- What to work on
Keep each line of the material that includes "Context", and leave out the rest.
※
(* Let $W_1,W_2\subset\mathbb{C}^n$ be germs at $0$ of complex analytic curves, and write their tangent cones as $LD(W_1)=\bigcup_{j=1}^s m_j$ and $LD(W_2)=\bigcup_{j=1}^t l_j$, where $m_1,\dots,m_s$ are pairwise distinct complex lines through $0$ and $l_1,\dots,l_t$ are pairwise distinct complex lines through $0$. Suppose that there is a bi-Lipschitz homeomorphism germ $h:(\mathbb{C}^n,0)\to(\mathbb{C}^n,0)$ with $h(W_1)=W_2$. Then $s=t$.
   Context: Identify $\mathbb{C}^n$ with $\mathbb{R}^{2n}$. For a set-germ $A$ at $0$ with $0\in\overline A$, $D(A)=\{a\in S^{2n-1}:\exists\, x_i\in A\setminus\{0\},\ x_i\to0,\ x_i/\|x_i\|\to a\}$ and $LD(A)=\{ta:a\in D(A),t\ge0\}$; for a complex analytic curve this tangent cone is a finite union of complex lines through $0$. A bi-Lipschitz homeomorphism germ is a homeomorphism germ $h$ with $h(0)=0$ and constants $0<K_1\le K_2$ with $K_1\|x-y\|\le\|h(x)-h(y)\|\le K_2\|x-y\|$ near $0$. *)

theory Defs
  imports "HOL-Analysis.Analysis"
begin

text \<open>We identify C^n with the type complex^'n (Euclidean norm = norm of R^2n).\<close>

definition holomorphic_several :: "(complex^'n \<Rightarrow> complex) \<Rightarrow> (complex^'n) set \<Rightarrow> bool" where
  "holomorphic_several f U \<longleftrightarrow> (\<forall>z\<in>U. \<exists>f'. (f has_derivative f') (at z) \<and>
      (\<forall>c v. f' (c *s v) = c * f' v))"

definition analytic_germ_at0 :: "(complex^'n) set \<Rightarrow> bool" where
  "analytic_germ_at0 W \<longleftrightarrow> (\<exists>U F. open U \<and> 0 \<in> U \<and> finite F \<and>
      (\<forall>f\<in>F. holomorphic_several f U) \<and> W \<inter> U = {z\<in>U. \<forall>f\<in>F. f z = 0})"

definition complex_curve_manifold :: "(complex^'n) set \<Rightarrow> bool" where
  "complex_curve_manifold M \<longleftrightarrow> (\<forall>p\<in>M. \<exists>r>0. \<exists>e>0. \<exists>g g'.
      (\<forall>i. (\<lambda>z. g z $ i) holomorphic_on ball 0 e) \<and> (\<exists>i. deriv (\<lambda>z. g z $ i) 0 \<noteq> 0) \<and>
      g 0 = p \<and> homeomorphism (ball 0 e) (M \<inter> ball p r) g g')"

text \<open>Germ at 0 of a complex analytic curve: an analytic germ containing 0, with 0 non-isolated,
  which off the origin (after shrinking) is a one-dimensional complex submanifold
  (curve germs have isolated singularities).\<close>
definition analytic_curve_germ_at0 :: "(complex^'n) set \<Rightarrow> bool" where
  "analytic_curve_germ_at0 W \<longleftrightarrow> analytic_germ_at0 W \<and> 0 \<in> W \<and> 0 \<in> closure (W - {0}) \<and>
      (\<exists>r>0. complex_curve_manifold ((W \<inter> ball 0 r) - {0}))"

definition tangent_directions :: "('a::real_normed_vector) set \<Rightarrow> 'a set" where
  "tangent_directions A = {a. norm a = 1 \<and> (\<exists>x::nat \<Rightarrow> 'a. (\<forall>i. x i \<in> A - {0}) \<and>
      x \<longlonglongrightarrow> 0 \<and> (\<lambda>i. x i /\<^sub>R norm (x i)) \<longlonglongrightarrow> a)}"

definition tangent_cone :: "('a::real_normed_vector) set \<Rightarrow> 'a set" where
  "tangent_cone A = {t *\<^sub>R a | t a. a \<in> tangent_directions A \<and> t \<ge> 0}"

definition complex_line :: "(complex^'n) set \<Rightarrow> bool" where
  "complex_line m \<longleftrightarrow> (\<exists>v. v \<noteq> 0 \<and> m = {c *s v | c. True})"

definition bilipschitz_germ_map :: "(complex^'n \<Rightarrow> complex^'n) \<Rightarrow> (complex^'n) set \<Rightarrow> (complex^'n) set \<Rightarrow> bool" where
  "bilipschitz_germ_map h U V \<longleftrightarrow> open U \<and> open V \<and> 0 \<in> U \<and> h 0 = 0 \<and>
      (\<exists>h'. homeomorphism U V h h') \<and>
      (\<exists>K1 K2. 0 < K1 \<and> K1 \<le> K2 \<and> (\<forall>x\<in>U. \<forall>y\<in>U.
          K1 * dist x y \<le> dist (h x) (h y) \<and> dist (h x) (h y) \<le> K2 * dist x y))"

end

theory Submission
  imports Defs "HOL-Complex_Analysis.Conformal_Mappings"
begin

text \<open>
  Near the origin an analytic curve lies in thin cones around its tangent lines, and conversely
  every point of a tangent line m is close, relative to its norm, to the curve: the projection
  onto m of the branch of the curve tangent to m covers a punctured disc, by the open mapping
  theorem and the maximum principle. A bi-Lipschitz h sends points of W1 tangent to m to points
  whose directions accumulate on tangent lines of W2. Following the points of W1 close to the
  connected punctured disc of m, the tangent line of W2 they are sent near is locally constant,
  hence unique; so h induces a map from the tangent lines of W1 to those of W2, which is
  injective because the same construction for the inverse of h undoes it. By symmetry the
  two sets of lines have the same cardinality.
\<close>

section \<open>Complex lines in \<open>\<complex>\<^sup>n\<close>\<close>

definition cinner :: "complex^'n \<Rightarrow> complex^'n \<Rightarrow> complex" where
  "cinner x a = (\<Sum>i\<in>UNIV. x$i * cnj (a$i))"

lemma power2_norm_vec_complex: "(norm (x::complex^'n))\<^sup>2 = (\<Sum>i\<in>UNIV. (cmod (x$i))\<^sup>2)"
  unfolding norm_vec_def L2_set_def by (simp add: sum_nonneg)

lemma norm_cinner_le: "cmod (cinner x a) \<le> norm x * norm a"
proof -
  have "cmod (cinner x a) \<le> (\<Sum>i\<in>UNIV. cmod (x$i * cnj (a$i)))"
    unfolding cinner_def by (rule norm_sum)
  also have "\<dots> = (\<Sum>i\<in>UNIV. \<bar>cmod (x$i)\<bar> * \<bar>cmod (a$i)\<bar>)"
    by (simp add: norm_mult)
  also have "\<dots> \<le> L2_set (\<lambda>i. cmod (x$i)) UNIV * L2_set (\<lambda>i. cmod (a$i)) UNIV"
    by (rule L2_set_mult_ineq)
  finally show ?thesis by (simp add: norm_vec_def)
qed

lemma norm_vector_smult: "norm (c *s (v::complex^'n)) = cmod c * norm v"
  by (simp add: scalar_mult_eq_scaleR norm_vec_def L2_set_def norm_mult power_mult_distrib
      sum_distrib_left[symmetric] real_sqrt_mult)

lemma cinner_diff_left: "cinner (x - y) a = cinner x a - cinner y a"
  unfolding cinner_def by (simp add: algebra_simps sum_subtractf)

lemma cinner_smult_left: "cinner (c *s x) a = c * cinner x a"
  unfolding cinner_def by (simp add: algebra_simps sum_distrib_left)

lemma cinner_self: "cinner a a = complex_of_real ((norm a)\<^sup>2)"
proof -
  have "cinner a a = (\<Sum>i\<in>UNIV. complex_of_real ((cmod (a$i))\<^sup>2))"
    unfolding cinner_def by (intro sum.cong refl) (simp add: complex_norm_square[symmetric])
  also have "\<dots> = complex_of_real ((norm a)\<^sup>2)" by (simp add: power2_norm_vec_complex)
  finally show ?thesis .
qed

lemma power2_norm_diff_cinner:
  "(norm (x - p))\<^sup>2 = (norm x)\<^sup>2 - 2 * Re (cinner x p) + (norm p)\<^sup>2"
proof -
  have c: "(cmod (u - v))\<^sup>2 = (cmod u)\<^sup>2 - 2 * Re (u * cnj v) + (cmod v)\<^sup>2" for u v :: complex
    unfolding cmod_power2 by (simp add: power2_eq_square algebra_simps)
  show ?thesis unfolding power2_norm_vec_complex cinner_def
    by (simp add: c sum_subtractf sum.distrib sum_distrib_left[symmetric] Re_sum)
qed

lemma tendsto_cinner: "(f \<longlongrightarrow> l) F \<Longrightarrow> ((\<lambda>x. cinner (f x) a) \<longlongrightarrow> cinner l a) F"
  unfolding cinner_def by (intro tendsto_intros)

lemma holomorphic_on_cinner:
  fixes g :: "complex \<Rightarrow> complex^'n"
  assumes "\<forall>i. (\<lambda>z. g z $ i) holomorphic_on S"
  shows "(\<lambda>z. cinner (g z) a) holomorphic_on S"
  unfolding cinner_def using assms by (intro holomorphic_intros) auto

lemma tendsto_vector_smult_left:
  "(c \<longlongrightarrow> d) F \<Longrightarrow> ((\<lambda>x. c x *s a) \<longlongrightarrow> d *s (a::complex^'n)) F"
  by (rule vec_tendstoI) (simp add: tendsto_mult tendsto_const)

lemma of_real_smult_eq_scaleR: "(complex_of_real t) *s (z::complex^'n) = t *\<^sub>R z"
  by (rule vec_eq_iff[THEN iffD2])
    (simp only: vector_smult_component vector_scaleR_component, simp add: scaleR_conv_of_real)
※
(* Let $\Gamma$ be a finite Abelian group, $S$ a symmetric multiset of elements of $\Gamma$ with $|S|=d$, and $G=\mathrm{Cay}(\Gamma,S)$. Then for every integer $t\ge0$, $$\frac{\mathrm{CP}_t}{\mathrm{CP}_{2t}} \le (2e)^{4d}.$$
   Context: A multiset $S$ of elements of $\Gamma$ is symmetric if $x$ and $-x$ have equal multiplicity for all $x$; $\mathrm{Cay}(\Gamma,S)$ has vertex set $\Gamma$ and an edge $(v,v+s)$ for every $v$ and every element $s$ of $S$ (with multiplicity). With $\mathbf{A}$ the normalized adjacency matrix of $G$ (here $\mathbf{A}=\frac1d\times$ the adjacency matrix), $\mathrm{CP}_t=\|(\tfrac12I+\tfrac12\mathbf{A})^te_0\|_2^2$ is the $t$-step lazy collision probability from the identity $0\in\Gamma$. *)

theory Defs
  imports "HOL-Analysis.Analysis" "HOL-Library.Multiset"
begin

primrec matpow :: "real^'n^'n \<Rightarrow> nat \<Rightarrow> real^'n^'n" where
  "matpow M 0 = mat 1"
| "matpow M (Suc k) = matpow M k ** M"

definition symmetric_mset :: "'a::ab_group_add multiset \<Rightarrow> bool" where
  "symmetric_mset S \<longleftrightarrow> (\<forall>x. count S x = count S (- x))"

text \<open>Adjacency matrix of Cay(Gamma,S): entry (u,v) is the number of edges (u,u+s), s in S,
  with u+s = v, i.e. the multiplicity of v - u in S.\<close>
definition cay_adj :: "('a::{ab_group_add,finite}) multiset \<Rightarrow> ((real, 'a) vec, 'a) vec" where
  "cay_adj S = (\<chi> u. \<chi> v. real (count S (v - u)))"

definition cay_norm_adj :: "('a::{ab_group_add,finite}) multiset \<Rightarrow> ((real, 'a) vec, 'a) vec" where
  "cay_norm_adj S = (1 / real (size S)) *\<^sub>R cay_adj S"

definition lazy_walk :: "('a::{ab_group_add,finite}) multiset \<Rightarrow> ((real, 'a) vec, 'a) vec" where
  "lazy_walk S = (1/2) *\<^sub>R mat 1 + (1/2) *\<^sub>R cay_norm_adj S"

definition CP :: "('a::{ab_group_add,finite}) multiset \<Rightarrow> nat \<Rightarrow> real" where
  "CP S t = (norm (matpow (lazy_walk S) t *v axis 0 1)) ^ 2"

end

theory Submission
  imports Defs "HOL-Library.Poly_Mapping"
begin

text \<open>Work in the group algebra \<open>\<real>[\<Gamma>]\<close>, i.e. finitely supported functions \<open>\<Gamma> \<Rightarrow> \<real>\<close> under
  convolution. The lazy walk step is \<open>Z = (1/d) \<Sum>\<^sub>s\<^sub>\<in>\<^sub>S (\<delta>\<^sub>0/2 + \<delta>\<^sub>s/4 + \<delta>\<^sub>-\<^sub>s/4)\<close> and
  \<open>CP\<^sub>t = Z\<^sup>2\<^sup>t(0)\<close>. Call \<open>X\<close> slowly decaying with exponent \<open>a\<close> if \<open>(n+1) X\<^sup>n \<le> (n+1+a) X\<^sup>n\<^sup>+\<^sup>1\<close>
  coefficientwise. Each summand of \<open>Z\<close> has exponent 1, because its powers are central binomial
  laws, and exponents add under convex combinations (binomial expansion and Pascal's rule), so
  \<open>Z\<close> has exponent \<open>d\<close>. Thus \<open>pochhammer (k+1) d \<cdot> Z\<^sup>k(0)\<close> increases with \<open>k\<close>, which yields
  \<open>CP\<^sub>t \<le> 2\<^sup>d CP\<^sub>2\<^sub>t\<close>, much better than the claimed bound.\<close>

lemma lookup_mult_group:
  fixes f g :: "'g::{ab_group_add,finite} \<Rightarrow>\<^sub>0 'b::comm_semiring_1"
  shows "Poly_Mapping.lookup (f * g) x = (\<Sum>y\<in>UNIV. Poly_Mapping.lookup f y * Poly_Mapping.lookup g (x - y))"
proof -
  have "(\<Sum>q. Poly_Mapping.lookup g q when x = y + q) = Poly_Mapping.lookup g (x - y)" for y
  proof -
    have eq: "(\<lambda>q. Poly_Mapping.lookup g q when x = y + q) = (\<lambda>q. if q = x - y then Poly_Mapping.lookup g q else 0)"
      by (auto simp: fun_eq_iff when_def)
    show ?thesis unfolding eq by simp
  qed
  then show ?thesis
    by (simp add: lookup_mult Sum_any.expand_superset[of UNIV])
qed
※
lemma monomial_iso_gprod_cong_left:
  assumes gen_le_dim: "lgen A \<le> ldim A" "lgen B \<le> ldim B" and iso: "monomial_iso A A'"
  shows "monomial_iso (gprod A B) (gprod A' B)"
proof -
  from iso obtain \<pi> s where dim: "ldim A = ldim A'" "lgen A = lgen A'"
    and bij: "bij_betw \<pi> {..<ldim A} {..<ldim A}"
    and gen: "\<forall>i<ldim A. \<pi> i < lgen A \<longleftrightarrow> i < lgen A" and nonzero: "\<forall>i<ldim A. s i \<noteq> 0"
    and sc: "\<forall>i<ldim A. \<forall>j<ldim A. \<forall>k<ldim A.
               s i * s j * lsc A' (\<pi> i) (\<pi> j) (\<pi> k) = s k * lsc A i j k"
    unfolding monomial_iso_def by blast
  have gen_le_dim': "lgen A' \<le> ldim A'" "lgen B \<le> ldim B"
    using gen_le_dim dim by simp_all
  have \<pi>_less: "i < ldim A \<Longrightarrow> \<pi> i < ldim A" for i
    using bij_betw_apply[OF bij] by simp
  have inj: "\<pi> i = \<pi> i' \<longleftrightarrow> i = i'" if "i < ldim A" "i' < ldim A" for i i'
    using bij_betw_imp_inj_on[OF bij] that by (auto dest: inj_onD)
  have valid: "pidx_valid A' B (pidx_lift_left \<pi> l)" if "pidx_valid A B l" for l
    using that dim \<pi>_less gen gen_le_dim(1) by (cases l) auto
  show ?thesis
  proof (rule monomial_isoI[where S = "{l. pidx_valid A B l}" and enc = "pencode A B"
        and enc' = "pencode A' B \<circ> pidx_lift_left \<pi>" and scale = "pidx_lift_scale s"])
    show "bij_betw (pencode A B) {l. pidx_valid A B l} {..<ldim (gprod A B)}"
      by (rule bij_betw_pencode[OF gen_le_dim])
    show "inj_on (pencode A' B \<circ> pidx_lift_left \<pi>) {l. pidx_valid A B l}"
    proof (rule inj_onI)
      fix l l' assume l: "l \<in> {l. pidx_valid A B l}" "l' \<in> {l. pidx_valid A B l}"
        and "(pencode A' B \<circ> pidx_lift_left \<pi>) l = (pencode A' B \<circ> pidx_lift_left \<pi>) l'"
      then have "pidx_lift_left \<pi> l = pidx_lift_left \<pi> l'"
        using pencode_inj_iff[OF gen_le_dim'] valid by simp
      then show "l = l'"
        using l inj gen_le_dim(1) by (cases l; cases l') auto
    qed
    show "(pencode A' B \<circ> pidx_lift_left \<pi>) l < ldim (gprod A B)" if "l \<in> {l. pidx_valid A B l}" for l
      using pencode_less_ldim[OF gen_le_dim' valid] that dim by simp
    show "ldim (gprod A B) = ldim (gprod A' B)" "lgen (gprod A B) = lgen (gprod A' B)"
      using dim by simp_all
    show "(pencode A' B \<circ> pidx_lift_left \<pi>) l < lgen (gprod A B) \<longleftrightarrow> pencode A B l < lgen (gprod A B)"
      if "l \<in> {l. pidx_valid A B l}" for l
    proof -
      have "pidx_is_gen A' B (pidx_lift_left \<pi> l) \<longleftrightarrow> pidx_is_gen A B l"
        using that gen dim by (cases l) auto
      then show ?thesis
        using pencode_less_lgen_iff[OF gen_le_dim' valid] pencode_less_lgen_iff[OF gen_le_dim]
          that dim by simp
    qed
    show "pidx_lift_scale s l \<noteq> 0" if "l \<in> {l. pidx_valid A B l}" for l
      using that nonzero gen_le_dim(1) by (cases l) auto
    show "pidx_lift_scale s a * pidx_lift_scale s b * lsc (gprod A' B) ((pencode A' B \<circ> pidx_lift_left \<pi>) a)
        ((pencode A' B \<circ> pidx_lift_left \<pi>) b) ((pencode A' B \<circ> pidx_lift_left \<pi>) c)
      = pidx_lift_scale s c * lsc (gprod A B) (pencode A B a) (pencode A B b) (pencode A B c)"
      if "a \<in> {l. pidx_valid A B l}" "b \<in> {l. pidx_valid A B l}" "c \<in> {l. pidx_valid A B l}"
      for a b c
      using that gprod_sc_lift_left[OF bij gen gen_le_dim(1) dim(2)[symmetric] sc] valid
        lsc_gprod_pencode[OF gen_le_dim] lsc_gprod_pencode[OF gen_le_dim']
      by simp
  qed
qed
※
- Result
   Context: Identify $\mathbb{C}^n$ with $\mathbb{R}^{2n}$. For a set-germ $A$ at $0$ with $0\in\overline A$, $D(A)=\{a\in S^{2n-1}:\exists\, x_i\in A\setminus\{0\},\ x_i\to0,\ x_i/\|x_i\|\to a\}$ and $LD(A)=\{ta:a\in D(A),t\ge0\}$; for a complex analytic curve this tangent cone is a finite union of complex lines through $0$. A bi-Lipschitz homeomorphism germ is a homeomorphism germ $h$ with $h(0)=0$ and constants $0<K_1\le K_2$ with $K_1\|x-y\|\le\|h(x)-h(y)\|\le K_2\|x-y\|$ near $0$. *)
   Context: A multiset $S$ of elements of $\Gamma$ is symmetric if $x$ and $-x$ have equal multiplicity for all $x$; $\mathrm{Cay}(\Gamma,S)$ has vertex set $\Gamma$ and an edge $(v,v+s)$ for every $v$ and every element $s$ of $S$ (with multiplicity). With $\mathbf{A}$ the normalized adjacency matrix of $G$ (here $\mathbf{A}=\frac1d\times$ the adjacency matrix), $\mathrm{CP}_t=\|(\tfrac12I+\tfrac12\mathbf{A})^te_0\|_2^2$ is the $t$-step lazy collision probability from the identity $0\in\Gamma$. *)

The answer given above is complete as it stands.